» What you are asked to do
Lines with "longleftrightarrow" in them are to be located in the listing below and copied.

(Given data Opens)

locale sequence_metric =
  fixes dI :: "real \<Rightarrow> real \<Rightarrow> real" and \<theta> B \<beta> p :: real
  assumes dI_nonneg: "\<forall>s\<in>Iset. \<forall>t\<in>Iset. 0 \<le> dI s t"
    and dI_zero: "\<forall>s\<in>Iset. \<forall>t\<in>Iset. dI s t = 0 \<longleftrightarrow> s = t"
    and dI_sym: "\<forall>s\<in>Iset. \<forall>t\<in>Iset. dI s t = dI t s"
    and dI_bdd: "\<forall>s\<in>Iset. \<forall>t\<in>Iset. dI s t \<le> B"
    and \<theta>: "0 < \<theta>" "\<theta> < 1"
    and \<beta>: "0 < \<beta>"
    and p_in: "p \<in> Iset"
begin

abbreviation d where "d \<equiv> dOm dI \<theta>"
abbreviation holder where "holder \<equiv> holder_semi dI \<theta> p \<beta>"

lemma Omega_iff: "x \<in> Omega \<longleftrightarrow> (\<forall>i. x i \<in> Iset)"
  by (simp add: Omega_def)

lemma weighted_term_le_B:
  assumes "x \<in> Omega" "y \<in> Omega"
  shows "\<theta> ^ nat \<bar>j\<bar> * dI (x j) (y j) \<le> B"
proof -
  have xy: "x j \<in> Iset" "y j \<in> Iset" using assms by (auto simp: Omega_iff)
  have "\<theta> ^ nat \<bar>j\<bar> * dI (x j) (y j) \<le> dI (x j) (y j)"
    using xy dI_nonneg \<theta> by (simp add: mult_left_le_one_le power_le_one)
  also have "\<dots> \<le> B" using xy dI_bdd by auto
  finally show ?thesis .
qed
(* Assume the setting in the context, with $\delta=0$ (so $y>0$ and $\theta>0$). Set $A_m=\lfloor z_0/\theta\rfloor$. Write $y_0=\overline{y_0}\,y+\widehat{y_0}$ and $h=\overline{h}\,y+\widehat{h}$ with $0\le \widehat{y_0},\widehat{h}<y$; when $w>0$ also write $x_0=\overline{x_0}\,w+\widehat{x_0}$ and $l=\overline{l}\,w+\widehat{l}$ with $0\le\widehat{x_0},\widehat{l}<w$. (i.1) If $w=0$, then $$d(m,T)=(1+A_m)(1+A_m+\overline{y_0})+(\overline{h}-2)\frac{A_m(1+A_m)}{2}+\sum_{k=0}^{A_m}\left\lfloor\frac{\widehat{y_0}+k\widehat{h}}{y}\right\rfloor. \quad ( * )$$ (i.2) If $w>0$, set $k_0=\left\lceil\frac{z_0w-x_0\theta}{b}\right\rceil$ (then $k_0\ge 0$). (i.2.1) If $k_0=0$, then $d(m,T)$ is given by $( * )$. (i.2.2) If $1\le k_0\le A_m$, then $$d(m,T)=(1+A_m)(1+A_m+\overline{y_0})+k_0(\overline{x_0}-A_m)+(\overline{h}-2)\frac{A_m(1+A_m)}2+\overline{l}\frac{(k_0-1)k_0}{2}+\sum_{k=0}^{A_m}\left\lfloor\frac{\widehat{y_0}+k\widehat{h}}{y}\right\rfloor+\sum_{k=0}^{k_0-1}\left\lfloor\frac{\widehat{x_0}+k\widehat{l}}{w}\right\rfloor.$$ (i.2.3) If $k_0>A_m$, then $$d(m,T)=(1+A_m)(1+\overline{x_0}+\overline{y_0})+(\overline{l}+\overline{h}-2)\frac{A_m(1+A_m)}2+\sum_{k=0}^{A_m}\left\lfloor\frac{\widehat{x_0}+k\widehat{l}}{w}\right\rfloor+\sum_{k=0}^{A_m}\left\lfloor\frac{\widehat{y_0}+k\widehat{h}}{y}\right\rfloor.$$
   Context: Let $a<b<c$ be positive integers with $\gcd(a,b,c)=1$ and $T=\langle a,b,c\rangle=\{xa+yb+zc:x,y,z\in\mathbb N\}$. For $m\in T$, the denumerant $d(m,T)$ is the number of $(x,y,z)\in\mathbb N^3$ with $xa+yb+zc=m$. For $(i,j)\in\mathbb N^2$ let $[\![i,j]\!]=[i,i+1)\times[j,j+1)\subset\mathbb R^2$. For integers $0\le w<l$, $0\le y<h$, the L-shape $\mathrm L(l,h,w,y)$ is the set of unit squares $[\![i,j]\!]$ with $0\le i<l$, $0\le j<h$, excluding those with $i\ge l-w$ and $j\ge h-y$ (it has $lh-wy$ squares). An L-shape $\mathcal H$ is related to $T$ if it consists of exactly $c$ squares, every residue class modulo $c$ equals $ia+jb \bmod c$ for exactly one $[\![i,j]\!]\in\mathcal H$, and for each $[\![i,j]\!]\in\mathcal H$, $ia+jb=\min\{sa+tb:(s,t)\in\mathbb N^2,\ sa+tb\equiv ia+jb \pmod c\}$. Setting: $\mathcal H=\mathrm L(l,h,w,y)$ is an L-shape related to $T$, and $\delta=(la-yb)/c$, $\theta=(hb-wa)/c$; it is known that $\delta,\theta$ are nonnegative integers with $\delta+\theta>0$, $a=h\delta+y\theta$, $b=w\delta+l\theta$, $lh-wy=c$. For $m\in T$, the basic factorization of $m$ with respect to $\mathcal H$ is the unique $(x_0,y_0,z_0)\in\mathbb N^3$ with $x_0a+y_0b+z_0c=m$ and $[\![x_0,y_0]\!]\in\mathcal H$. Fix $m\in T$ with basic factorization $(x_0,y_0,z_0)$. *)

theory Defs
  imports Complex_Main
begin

(Given data Closes)

» Written reply
    and dI_zero: "\<forall>s\<in>Iset. \<forall>t\<in>Iset. dI s t = 0 \<longleftrightarrow> s = t"
lemma Omega_iff: "x \<in> Omega \<longleftrightarrow> (\<forall>i. x i \<in> Iset)"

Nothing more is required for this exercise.